Exercise: When the line containing "interpret pair_sigma_finite angles M .." appears in the entries below, begin printing there and stop after the line containing "(\<integral>l. 2 *"; print each of those lines exactly and no other line.

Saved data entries
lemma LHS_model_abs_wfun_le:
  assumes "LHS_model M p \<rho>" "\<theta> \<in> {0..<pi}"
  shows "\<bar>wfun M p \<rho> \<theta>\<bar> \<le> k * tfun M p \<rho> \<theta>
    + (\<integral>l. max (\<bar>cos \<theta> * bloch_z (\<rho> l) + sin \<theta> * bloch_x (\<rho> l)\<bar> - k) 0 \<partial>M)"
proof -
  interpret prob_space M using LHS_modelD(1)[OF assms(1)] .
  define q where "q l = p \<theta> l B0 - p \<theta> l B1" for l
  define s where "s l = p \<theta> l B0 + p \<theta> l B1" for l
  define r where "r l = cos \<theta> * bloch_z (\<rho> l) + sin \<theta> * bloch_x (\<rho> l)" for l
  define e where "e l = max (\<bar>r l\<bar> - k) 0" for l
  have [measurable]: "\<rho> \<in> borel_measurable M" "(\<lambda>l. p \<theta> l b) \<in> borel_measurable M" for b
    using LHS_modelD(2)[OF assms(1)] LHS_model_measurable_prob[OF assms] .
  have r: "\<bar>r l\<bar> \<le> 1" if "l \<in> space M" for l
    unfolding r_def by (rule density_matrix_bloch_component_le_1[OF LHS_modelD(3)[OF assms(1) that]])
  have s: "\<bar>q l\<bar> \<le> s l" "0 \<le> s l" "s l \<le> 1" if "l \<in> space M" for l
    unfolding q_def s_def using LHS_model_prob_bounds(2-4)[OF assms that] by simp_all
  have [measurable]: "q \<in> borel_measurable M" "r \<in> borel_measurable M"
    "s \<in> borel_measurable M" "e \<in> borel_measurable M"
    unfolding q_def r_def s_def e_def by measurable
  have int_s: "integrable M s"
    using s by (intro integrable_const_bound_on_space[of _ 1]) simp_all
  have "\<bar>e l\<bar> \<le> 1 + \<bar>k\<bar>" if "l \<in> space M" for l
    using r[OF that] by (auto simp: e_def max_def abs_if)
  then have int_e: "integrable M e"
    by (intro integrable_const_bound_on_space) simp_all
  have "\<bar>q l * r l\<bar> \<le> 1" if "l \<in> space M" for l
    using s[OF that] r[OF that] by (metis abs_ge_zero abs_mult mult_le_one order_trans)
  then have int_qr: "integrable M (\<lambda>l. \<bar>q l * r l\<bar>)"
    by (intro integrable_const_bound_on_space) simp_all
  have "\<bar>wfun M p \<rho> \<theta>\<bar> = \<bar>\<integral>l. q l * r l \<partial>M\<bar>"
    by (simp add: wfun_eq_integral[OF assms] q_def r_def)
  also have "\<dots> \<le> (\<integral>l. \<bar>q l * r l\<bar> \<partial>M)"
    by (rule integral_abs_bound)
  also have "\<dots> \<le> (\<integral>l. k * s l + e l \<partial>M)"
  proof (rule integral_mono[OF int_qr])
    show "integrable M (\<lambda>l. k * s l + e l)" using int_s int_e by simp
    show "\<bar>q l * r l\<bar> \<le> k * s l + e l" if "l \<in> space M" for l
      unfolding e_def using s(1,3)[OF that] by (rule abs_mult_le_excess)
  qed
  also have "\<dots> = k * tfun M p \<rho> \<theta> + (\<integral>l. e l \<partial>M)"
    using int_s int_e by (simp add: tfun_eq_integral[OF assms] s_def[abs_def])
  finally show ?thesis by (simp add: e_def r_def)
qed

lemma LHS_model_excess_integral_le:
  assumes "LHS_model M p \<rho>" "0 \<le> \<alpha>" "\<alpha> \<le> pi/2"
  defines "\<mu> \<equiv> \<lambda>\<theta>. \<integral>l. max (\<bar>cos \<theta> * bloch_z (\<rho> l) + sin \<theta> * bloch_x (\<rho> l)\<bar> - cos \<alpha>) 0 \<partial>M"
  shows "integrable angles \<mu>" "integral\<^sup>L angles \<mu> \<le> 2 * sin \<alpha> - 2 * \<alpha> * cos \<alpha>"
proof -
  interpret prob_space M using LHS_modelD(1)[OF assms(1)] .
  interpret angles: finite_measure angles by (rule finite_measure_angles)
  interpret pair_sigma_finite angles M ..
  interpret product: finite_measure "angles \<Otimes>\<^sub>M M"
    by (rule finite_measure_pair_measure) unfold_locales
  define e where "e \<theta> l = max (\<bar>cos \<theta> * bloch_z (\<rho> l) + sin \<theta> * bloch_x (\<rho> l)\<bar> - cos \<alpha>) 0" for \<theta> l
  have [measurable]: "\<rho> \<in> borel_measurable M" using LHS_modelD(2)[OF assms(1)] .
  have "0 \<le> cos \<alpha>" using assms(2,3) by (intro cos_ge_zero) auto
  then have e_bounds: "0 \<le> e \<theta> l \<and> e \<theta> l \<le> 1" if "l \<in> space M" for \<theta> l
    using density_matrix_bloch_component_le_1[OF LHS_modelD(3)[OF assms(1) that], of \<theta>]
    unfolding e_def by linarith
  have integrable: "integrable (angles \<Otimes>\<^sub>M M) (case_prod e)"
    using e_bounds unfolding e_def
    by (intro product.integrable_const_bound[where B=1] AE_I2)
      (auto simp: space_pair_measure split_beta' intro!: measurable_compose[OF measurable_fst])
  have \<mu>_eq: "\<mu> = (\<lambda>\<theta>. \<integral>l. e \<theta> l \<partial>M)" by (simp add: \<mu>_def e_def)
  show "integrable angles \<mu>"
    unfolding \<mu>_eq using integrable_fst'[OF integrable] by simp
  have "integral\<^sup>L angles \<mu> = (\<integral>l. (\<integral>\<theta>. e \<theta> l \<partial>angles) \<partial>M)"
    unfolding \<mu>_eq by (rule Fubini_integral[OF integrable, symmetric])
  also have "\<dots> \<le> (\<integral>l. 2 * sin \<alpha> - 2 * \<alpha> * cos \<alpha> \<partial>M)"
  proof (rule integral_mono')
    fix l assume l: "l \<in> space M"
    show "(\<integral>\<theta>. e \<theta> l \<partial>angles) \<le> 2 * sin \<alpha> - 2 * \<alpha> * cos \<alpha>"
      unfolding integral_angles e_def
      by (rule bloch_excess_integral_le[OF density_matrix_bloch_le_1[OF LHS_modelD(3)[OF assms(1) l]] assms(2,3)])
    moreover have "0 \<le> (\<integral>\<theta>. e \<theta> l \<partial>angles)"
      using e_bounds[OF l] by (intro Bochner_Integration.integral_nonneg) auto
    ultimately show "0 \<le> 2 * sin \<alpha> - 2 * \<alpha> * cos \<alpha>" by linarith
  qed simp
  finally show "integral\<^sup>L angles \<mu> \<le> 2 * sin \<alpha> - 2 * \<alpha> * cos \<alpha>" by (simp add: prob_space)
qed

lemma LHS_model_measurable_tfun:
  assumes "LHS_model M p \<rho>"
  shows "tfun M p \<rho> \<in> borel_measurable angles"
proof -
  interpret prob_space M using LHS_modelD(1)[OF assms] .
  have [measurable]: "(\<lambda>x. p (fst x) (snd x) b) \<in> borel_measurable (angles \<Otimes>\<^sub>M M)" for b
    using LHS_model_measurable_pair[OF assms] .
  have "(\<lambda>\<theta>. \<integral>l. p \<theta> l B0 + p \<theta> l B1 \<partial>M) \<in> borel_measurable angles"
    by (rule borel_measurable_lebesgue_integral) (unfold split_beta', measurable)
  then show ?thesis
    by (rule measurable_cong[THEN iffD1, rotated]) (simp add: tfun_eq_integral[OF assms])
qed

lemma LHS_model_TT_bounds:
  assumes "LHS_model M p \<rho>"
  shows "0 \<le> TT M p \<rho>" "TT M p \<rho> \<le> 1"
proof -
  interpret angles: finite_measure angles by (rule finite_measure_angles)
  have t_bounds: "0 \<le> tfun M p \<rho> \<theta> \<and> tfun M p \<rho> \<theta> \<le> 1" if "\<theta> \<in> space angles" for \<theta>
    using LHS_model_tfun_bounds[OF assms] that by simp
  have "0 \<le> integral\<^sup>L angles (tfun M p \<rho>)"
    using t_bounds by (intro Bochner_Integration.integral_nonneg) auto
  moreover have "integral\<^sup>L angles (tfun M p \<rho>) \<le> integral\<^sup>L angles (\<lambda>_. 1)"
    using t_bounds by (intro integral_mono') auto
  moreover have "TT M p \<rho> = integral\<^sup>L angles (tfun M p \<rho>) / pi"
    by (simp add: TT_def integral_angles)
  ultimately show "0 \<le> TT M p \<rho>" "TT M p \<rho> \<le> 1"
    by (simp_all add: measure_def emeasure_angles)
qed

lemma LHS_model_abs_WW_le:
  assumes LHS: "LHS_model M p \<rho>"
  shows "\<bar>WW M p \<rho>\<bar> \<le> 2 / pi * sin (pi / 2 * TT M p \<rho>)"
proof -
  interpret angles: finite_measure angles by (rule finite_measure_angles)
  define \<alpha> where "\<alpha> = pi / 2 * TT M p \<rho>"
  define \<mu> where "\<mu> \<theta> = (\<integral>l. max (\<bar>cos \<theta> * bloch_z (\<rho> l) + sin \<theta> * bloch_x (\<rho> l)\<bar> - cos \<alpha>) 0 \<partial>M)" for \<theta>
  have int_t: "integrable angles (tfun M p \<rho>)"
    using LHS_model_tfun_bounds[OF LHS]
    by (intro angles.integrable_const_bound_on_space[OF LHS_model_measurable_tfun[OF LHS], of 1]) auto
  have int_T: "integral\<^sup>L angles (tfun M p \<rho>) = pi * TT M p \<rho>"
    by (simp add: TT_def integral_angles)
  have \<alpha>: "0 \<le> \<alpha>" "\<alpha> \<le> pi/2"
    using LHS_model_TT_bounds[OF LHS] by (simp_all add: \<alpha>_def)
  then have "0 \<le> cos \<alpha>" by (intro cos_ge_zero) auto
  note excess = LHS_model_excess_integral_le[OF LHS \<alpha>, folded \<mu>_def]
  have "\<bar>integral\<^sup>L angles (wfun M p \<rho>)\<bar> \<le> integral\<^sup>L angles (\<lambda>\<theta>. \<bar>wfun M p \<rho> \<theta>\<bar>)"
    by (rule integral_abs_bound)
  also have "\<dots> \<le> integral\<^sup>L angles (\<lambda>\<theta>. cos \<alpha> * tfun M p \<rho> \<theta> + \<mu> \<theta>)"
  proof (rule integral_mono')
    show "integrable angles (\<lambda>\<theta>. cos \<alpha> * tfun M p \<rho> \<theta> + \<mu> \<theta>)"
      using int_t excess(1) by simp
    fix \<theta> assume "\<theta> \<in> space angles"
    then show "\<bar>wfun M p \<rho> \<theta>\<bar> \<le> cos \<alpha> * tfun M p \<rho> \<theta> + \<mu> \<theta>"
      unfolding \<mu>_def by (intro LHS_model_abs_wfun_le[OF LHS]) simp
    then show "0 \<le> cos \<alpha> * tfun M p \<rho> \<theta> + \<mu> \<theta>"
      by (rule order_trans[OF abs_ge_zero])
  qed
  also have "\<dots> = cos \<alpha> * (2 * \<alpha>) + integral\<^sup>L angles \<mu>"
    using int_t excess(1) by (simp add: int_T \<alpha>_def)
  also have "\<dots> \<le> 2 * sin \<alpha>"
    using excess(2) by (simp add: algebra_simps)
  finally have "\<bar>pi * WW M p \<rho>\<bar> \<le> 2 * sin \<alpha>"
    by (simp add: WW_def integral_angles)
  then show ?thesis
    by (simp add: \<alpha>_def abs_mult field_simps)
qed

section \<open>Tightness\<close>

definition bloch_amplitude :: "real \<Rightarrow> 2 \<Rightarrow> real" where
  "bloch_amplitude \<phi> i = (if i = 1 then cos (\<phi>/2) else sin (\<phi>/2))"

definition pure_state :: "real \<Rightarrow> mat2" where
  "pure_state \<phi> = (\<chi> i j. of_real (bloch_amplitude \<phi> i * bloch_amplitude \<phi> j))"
==
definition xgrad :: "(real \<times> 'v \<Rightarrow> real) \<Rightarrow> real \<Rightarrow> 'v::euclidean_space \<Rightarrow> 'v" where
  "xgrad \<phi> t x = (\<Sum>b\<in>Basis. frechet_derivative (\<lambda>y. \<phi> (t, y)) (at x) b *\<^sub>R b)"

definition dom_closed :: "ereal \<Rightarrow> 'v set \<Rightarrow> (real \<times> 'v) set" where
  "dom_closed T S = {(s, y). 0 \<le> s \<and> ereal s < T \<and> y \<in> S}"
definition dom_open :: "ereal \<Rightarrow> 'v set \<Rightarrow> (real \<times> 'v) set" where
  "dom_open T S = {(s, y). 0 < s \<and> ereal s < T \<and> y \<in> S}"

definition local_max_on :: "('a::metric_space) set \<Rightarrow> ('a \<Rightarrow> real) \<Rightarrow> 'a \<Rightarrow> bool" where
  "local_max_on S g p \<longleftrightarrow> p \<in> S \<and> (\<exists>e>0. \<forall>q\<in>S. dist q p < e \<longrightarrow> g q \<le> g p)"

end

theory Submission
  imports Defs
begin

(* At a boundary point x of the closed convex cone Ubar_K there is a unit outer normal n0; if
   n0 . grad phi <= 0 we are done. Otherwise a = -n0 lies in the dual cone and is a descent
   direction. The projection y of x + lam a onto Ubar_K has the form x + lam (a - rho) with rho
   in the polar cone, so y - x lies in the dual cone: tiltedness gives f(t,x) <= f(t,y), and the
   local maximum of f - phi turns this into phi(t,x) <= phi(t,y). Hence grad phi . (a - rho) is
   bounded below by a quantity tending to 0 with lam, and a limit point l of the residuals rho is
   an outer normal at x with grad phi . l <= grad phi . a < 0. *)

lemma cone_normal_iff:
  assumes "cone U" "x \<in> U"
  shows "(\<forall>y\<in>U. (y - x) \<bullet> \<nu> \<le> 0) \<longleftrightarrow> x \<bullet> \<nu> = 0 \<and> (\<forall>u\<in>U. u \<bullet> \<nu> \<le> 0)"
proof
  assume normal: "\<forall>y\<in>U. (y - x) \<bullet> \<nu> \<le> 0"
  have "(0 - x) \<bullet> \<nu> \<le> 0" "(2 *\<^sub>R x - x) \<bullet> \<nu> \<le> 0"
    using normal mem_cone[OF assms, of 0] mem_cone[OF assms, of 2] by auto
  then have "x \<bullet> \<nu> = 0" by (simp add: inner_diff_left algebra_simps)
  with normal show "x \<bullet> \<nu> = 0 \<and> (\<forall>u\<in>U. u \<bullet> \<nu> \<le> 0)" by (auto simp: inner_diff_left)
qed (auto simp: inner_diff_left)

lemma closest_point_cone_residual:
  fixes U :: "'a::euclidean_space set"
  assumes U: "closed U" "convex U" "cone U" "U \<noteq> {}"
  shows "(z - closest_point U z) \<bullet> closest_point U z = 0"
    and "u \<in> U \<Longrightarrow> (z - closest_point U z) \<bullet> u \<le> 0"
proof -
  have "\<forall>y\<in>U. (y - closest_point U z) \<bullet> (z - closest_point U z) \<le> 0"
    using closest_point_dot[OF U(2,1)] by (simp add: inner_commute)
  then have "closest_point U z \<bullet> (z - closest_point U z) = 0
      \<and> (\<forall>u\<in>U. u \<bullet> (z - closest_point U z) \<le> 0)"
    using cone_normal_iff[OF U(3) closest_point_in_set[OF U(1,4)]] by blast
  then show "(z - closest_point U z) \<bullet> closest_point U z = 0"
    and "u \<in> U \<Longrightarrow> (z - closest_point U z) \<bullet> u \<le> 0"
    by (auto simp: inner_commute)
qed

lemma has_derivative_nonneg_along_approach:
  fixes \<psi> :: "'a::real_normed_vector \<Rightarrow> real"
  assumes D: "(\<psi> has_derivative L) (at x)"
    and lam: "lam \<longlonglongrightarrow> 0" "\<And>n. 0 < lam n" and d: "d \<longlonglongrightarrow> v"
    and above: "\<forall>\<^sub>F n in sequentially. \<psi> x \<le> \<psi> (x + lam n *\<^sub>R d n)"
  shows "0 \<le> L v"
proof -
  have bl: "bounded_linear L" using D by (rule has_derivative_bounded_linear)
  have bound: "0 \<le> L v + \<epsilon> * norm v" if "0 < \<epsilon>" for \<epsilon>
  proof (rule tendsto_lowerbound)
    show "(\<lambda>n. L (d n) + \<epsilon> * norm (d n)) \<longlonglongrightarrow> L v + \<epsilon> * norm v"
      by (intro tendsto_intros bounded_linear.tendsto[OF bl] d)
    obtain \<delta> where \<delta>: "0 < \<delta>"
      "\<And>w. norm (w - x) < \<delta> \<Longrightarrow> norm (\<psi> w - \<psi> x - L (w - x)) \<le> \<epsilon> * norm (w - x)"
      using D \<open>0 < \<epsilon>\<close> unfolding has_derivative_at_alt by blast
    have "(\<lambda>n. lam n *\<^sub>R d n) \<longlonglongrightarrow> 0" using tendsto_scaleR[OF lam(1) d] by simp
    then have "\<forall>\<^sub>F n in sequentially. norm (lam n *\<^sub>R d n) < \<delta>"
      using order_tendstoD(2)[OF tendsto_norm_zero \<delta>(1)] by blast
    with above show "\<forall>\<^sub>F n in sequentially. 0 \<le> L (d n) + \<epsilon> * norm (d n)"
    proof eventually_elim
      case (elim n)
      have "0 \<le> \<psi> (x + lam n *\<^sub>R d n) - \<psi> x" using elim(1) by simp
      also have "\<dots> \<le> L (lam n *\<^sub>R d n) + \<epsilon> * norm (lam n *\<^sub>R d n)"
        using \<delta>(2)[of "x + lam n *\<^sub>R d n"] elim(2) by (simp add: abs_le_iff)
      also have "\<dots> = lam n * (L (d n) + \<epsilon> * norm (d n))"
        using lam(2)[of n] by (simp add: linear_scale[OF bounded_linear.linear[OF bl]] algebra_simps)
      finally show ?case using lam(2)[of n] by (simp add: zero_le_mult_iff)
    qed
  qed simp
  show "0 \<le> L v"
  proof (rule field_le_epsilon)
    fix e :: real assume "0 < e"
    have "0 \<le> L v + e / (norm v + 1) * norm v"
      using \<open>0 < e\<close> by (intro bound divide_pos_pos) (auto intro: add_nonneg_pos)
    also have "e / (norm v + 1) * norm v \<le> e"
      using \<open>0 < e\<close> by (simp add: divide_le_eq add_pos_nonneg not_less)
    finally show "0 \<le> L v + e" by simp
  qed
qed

Solution:
  interpret pair_sigma_finite angles M ..
  interpret product: finite_measure "angles \<Otimes>\<^sub>M M"
    by (rule finite_measure_pair_measure) unfold_locales
  define e where "e \<theta> l = max (\<bar>cos \<theta> * bloch_z (\<rho> l) + sin \<theta> * bloch_x (\<rho> l)\<bar> - cos \<alpha>) 0" for \<theta> l
  have [measurable]: "\<rho> \<in> borel_measurable M" using LHS_modelD(2)[OF assms(1)] .
  have "0 \<le> cos \<alpha>" using assms(2,3) by (intro cos_ge_zero) auto
  then have e_bounds: "0 \<le> e \<theta> l \<and> e \<theta> l \<le> 1" if "l \<in> space M" for \<theta> l
    using density_matrix_bloch_component_le_1[OF LHS_modelD(3)[OF assms(1) that], of \<theta>]
    unfolding e_def by linarith
  have integrable: "integrable (angles \<Otimes>\<^sub>M M) (case_prod e)"
    using e_bounds unfolding e_def
    by (intro product.integrable_const_bound[where B=1] AE_I2)
      (auto simp: space_pair_measure split_beta' intro!: measurable_compose[OF measurable_fst])
  have \<mu>_eq: "\<mu> = (\<lambda>\<theta>. \<integral>l. e \<theta> l \<partial>M)" by (simp add: \<mu>_def e_def)
  show "integrable angles \<mu>"
    unfolding \<mu>_eq using integrable_fst'[OF integrable] by simp
  have "integral\<^sup>L angles \<mu> = (\<integral>l. (\<integral>\<theta>. e \<theta> l \<partial>angles) \<partial>M)"
    unfolding \<mu>_eq by (rule Fubini_integral[OF integrable, symmetric])
  also have "\<dots> \<le> (\<integral>l. 2 * sin \<alpha> - 2 * \<alpha> * cos \<alpha> \<partial>M)"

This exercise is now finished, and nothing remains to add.